Absolutely right Nat. How can a processed dry food within minimal moisture content and made from waste products help an animal with kidney problems? It just can’t.
It’s not a surprise that so many people question pet food, as it’s such a lucrative market I have always wondered/and I do admit a little suspicious why vets…and many other people recommend Hills Dried Food. My dogs did not like it at all, and I tried several times. Like so many products..there is a big mark up and incentive for recommending a particular product. My ‘gut feeling’ is that Hills Pet Food is one of those ‘good profit’ products. I bought Ivory Coat, venison for the first time, and my 2 dogs love it..it is also grain free. Since then my dogs have not had the dreadful itchy skin, that just drove them crazy…and myself. I have also changed their shampoo.
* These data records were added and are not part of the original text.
(* Let $A=\mathbb{C}[x_1,x_2,\dots]$ and let $d:A\to A$ be the derivation with $dx_1=0$ and $dx_i=x_{i-1}$ for $i>1$. For any integers $n\ge\ell\ge1$, any $i\ge0$, and any $\beta=(\beta_1,\dots,\beta_\ell)\in B^{(\ell)}_n(i)$, $$d\,g_{(\beta_1,\dots,\beta_\ell)}(\vec x)=\begin{cases}0,& i=0,\\ g_{(\beta_1-1,\beta_2,\dots,\beta_\ell)}(\vec x),& i>0.\end{cases}$$
   Context: For $n\ge\ell\ge1$, $B^{(\ell)}_n=\{\beta=(\beta_1,\dots,\beta_\ell)\in\mathbb{Z}^\ell:\beta_1,\dots,\beta_{\ell-1}\ge0,\ \beta_\ell\ge1,\ \beta_1+2\beta_2+\cdots+\ell\beta_\ell=n\}$. For $i\ge0$ and $n\ge\ell>1$, $B^{(\ell)}_n(i)=\{\beta\in B^{(\ell)}_n:\beta_1=i\}$; for $\ell=1$, $B^{(1)}_n(i)=\{(i+1)\}$ if $n=i+1$ and $\emptyset$ otherwise. For $\vec k=(k_1,\dots,k_\ell)$, $e_j(\vec k)$ is the $j$-th elementary symmetric polynomial and $e^\beta(\vec k)=e_1(\vec k)^{\beta_1}\cdots e_\ell(\vec k)^{\beta_\ell}$. For $\beta\in B^{(\ell)}_n$ the polynomial $g_\beta(\vec x)\in A$ is defined by $$\sum_{\substack{i_1,\dots,i_\ell\ge1\\ i_1+\cdots+i_\ell=n}} k_1^{i_1}\cdots k_\ell^{i_\ell}x_{i_1}\cdots x_{i_\ell}=\sum_{\beta\in B^{(\ell)}_n} e^\beta(k_1,\dots,k_\ell)\,g_\beta(\vec x)$$ (in particular $g_{(m)}(\vec x)=x_m$ for $\ell=1$). *)

theory Defs
  imports Complex_Main "HOL-Library.Poly_Mapping"
begin

text \<open>The variable x_i (i \<ge> 1) is the monomial with exponent 1 at index i.\<close>

type_synonym poly_A = "(nat \<Rightarrow>\<^sub>0 nat) \<Rightarrow>\<^sub>0 complex"

definition X :: "nat \<Rightarrow> poly_A" where
  "X i = Poly_Mapping.single (Poly_Mapping.single i 1) 1"

definition const :: "complex \<Rightarrow> poly_A" where
  "const c = Poly_Mapping.single 0 c"
lemma cut_arc_step_funpow:
  assumes "0 < j" "j \<le> period arc_step y"
  shows "cut ((arc_step ^^ j) y) = (arc_step ^^ (period arc_step y - j)) y"
proof -
  obtain i where i: "j = Suc i" using assms(1) by (cases j) auto
  have "cut ((arc_step ^^ j) y) = \<alpha> ((arc_step ^^ i) y)"
    unfolding i using cut_cut \<alpha>_in arc_step_funpow_in by (simp add: arc_step_def)
  also have "\<dots> = (arc_step ^^ (period arc_step y - j)) y"
    using \<alpha>_arc_step_funpow[of i] i assms(2) by simp
  finally show ?thesis .
qed

lemma arc_eq: "orb arc_step y = (\<lambda>i. (arc_step ^^ i) y) ` {..<period arc_step y}"
  using arc.orb_eq_image_period[OF y_in] .

lemma \<alpha>_in_arc: "x \<in> orb arc_step y \<Longrightarrow> \<alpha> x \<in> orb arc_step y"
  unfolding arc_eq using \<alpha>_arc_step_funpow by auto

lemma cut_in_arc:
  assumes "x \<in> orb arc_step y" shows "cut x \<in> orb arc_step y"
proof -
  obtain j where j: "j < period arc_step y" "x = (arc_step ^^ j) y" using assms unfolding arc_eq by auto
  show ?thesis
  proof (cases "j = 0")
    case True thus ?thesis using j cut_y arc.orb_self by simp
  next
    case False
    thus ?thesis using cut_arc_step_funpow j arc.funpow_in_orb by simp
  qed
qed

lemma even_period_arc: "even (period arc_step y)"
proof (rule ccontr)
  assume "odd (period arc_step y)"
  then obtain m where "period arc_step y = 2 * m + 1" by (metis oddE)
  hence "\<alpha> ((arc_step ^^ m) y) = (arc_step ^^ m) y" using \<alpha>_arc_step_funpow[of m] by simp
  thus False using \<alpha>_neq arc_step_funpow_in by blast
qed

lemma arc_end_neq: "arc_end y \<noteq> y"
proof
  assume "arc_end y = y"
  hence "(arc_step ^^ (period arc_step y div 2)) y = (arc_step ^^ 0) y" by (simp add: arc_end_def)
  hence "period arc_step y div 2 = 0"
    using arc.funpow_inj_less_period[OF y_in] arc.period_pos[OF y_in] by simp
  thus False using even_period_arc arc.period_pos[OF y_in] by auto
qed

lemma arc_end_mem_V: "arc_end y \<in> V w"
proof (rule ccontr)
  assume not_V: "arc_end y \<notin> V w"
  have "0 < period arc_step y div 2"
    using even_period_arc arc.period_pos[OF y_in] by (auto elim: evenE)
  hence "cut (arc_end y) = arc_end y"
    using cut_arc_step_funpow[of "period arc_step y div 2"] even_period_arc
    by (simp add: arc_end_def) (metis add_diff_cancel_left' div_le_dividend dvd_mult_div_cancel mult_2)
  hence "p (arc_end y) = arc_end y" using not_V unfolding cut_def by simp
  thus False using transitionD[OF transition] arc_step_funpow_in unfolding arc_end_def by blast
qed

lemma arc_Int_V: "orb arc_step y \<inter> V w = {y, arc_end y}"
proof
  show "{y, arc_end y} \<subseteq> orb arc_step y \<inter> V w"
    using y arc_end_mem_V arc.orb_self arc.funpow_in_orb unfolding arc_end_def by auto
  show "orb arc_step y \<inter> V w \<subseteq> {y, arc_end y}"
  proof
    fix x assume x: "x \<in> orb arc_step y \<inter> V w"
    then obtain j where j: "j < period arc_step y" "x = (arc_step ^^ j) y" unfolding arc_eq by auto
    show "x \<in> {y, arc_end y}"
    proof (cases "j = 0")
      case False
      have "cut x = x" using x unfolding cut_def by simp
      hence "(arc_step ^^ (period arc_step y - j)) y = (arc_step ^^ j) y"
        using cut_arc_step_funpow[of j] False j by simp
      hence "period arc_step y - j = j"
        using arc.funpow_inj_less_period[OF y_in] j False by simp
      thus ?thesis using j unfolding arc_end_def by (metis insertCI add_self_div_2 le_add_diff_inverse2 less_imp_le_nat)
    qed (use j in simp)
  qed
qed

lemma walk_along_arc:
  assumes "\<And>d. d \<in> H \<Longrightarrow> d \<notin> V w \<Longrightarrow> q d = p d"
  shows "walk q y ((arc_step ^^ i) y)"
proof (induction i)
  case (Suc i)
  let ?z = "(arc_step ^^ i) y"
  have "walk q y (\<alpha> ?z)" using Suc.IH by (rule rtranclp.rtrancl_into_rtrancl) (simp add: walk_step_def)
  moreover have "arc_step ?z = \<alpha> ?z \<or> walk_step q (\<alpha> ?z) (arc_step ?z)"
    using assms[OF \<alpha>_in[OF arc_step_funpow_in]] unfolding arc_step_def cut_def walk_step_def
    by auto
  ultimately show ?case by (auto intro: rtranclp.rtrancl_into_rtrancl)
qed simp

lemma even_cycle_arc: "even_cycle (orb arc_step y)"
  unfolding even_cycle_def alpha_closed_def
proof (intro conjI ballI)
  show "orb arc_step y \<subseteq> H" using arc.orb_subset y_in by blast
  show "\<alpha> d \<in> orb arc_step y" if "d \<in> orb arc_step y" for d using \<alpha>_in_arc[OF that] .
  fix x assume x: "x \<in> H"
  show "even (card (orb arc_step y \<inter> V x))"
  proof (cases "V x = V w")
    case True
    thus ?thesis using arc_Int_V arc_end_neq by simp
  next
    case False
    show ?thesis
    proof (rule even_card_if_involution[where g = p])
      show "finite (orb arc_step y \<inter> V x)" using finite_H V_subset[OF x] by (meson finite_Int finite_subset)
      fix z assume z: "z \<in> orb arc_step y \<inter> V x"
      have "z \<in> H" using z V_subset[OF x] by blast
      have "V z = V x" using V_eq_if_mem[OF x] z by blast
      hence "z \<notin> V w" using False mem_V_iff[OF w_in \<open>z \<in> H\<close>] by auto
      hence "p z \<in> orb arc_step y" using cut_in_arc z unfolding cut_def by force
      thus "p z \<in> orb arc_step y \<inter> V x \<and> p z \<noteq> z \<and> p (p z) = z"
        using transitionD[OF transition \<open>z \<in> H\<close>] \<open>V z = V x\<close> by auto
    qed
  qed
qed

end

lemma arc_end_eq_\<sigma>_\<sigma>:
  assumes straight: "\<And>d. d \<in> V w \<Longrightarrow> p d = \<sigma> (\<sigma> d)" and apart: "\<not> walk p w (\<sigma> w)"
  shows "arc_end w = \<sigma> (\<sigma> w)"
proof -
  have w_V: "w \<in> V w" by (rule vertex.orb_self)
  have walk_end: "walk p w (arc_end w)"
    using walk_along_arc[OF w_V] unfolding arc_end_def by blast
  hence "arc_end w \<noteq> \<sigma> w" using apart by auto
  moreover have "arc_end w \<noteq> \<sigma> (\<sigma> (\<sigma> w))"
  proof
    assume "arc_end w = \<sigma> (\<sigma> (\<sigma> w))"
    moreover have "walk_step p (\<sigma> (\<sigma> (\<sigma> w))) (\<sigma> w)"
      using straight[of "\<sigma> (\<sigma> (\<sigma> w))"] V_eq[OF w_in] \<sigma>_\<sigma>_\<sigma>_\<sigma>[OF \<sigma>_in[OF w_in]]
      unfolding walk_step_def by simp
    ultimately show False using walk_end apart by (metis rtranclp.rtrancl_into_rtrancl)
  qed
  ultimately show ?thesis using arc_end_mem_V[OF w_V] arc_end_neq[OF w_V] V_eq[OF w_in] by auto
qed

end

section \<open>Smoothing the reducible crossings\<close>

context knot_map
begin

definition irreducible_at :: "'d \<Rightarrow> bool" where
  "irreducible_at d \<longleftrightarrow> F (\<sigma> (\<sigma> d)) \<noteq> F d \<and> F (\<sigma> (\<sigma> (\<sigma> d))) \<noteq> F (\<sigma> d)"

lemma irreducible_at_if_mem_V: "d \<in> H \<Longrightarrow> x \<in> V d \<Longrightarrow> irreducible_at x \<longleftrightarrow> irreducible_at d"
  unfolding irreducible_at_def using V_eq \<sigma>_\<sigma>_\<sigma>_\<sigma> \<sigma>_in by auto

lemma irreducible_vertex_iff:
  assumes d: "d \<in> H"
  shows "irreducible_vertex H \<sigma> \<alpha> (V d) \<longleftrightarrow> irreducible_at d"
proof -
  have "irreducible_vertex H \<sigma> \<alpha> (V d)
      \<longleftrightarrow> card {F d, F (\<sigma> d), F (\<sigma> (\<sigma> d)), F (\<sigma> (\<sigma> (\<sigma> d)))} = 4"
    unfolding irreducible_vertex_def incident_regions[OF d] ..
  also have "\<dots> \<longleftrightarrow> irreducible_at d"
    using F_\<sigma>_neq_around[OF d] unfolding irreducible_at_def
    by (auto simp: card_insert_if insert_commute)
  finally show ?thesis .
qed

lemma transition_straight: "transition (\<lambda>x. \<sigma> (\<sigma> x))"
  unfolding transition_def using V_eq \<sigma>_distinct(2) \<sigma>_\<sigma>_\<sigma>_\<sigma> by (metis insertCI)

text \<open>A crossing is reducible in at most one way: otherwise the arc of the straight transition
  opened at \<open>d\<close> would, by \<open>even_cycle_mem_\<sigma>_iff\<close>, contain three corners of \<open>d\<close>.\<close>

lemma F_\<sigma>_\<sigma>_\<sigma>_neq_if_F_\<sigma>_\<sigma>_eq:
  assumes d: "d \<in> H" and eq: "F (\<sigma> (\<sigma> d)) = F d" shows "F (\<sigma> (\<sigma> (\<sigma> d))) \<noteq> F (\<sigma> d)"
proof
  assume eq': "F (\<sigma> (\<sigma> (\<sigma> d))) = F (\<sigma> d)"
  interpret straight: cut_transition H \<sigma> \<alpha> "\<lambda>x. \<sigma> (\<sigma> x)" d
    using transition_straight d by unfold_locales
  let ?X = "orb straight.arc_step d"
  have "d \<in> ?X" by (rule straight.arc.orb_self)
  hence "\<sigma> d \<in> ?X" "\<sigma> (\<sigma> d) \<in> ?X"
    using even_cycle_mem_\<sigma>_iff[OF straight.even_cycle_arc[OF vertex.orb_self]] eq eq' d \<sigma>_in
    by (metis \<sigma>_\<sigma>_\<sigma>_\<sigma>)+
  moreover have "\<sigma> d \<in> V d" "\<sigma> (\<sigma> d) \<in> V d" using V_eq[OF d] by auto
  ultimately show False
    using straight.arc_Int_V[OF vertex.orb_self] \<sigma>_distinct[OF d] by (metis IntI empty_iff insert_iff)
qed

text \<open>At a reducible crossing, the smoothing separating the two corners that lie in a common
  region.\<close>

definition smooth :: "'d \<Rightarrow> 'd" where
  "smooth d = (if F (\<sigma> (\<sigma> d)) = F d then \<sigma> d else \<sigma> (\<sigma> (\<sigma> d)))"

lemma smooth_mem_V: "d \<in> H \<Longrightarrow> smooth d \<in> V d"
  unfolding smooth_def using V_eq by auto

lemma smooth_neq: "d \<in> H \<Longrightarrow> smooth d \<noteq> d"
  unfolding smooth_def using \<sigma>_distinct by (metis (full_types))

lemma smooth_smooth:
  assumes d: "d \<in> H" and red: "\<not> irreducible_at d" shows "smooth (smooth d) = d"
proof (cases "F (\<sigma> (\<sigma> d)) = F d")
  case True
  thus ?thesis
    using F_\<sigma>_\<sigma>_\<sigma>_neq_if_F_\<sigma>_\<sigma>_eq[OF d True] \<sigma>_\<sigma>_\<sigma>_\<sigma>[OF d] unfolding smooth_def by simp
next
  case False
  hence "F (\<sigma> (\<sigma> (\<sigma> (\<sigma> (\<sigma> d))))) = F (\<sigma> (\<sigma> (\<sigma> d)))"
    using red \<sigma>_\<sigma>_\<sigma>_\<sigma>[OF d] unfolding irreducible_at_def by simp
  thus ?thesis using False \<sigma>_\<sigma>_\<sigma>_\<sigma>[OF d] unfolding smooth_def by simp
qed

lemma even_cycle_smooth:
  assumes Z: "even_cycle Z" and d: "d \<in> H" "\<not> irreducible_at d" "d \<in> Z"
  shows "smooth d \<in> Z"
proof (cases "F (\<sigma> (\<sigma> d)) = F d")
  case True
  thus ?thesis using even_cycle_mem_\<sigma>_iff[OF Z d(1)] d(3) unfolding smooth_def by simp
next
  case False
  hence "F (\<sigma> (\<sigma> (\<sigma> (\<sigma> (\<sigma> d))))) = F (\<sigma> (\<sigma> (\<sigma> d)))"
    using d(2) \<sigma>_\<sigma>_\<sigma>_\<sigma>[OF d(1)] unfolding irreducible_at_def by simp
  hence "\<sigma> (\<sigma> (\<sigma> (\<sigma> d))) \<in> Z \<longleftrightarrow> \<sigma> (\<sigma> (\<sigma> d)) \<in> Z"
    using even_cycle_mem_\<sigma>_iff[OF Z] d(1) \<sigma>_in by blast
  thus ?thesis using False d \<sigma>_\<sigma>_\<sigma>_\<sigma> unfolding smooth_def by simp
qed

definition reducible_vertices :: "'d set set" where
  "reducible_vertices = {V x | x. x \<in> H \<and> \<not> irreducible_at x}"

definition smoothing :: "'d set set \<Rightarrow> 'd \<Rightarrow> 'd" where
  "smoothing T d = (if V d \<in> T then smooth d else \<sigma> (\<sigma> d))"

lemma reducible_vertices_iff: "d \<in> H \<Longrightarrow> V d \<in> reducible_vertices \<longleftrightarrow> \<not> irreducible_at d"
  unfolding reducible_vertices_def using irreducible_at_if_mem_V vertex.orb_self by blast

lemma transition_smoothing:
  assumes "T \<subseteq> reducible_vertices" shows "transition (smoothing T)"
  unfolding transition_def
proof
  fix d assume d: "d \<in> H"
  show "smoothing T d \<in> V d \<and> smoothing T d \<noteq> d \<and> smoothing T (smoothing T d) = d"
  proof (cases "V d \<in> T")
    case True
    have red: "\<not> irreducible_at d" using reducible_vertices_iff[OF d] True assms by blast
    have "V (smooth d) = V d" using V_eq_if_mem[OF d smooth_mem_V[OF d]] .
    thus ?thesis
      unfolding smoothing_def using True smooth_mem_V smooth_neq smooth_smooth d red by simp
  next
    case False
    have "V (\<sigma> (\<sigma> d)) = V d" using V_\<sigma>[OF \<sigma>_in[OF d]] V_\<sigma>[OF d] by simp
    thus ?thesis
      unfolding smoothing_def using False V_eq[OF d] \<sigma>_distinct[OF d] \<sigma>_\<sigma>_\<sigma>_\<sigma>[OF d] by simp
  qed
qed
At this point things havn’t been better, my Maltese szitsu are 12 years.
My cat that has just passed at 19 years lived on human grade Roo meat , beef and chicken plus some biscuits he died of renal failure vet said put him on special biscuit as roo was too high in protein I kept feeding him the same, . His age was a good age .
My three Russian blues died also at 18 and 19 yrs on the same diet, they must have raw meats and not rubbish meat
Trying to find out how much sodium is in dog food is near impossible.
Some manufacturers list salt or sodium percentage. You can calculate sodium from the salt percentage by multiplying by 0.4. i.e. 1g of salt per 100g (or 1% salt) equates to 0.4g (0.4%) sodium.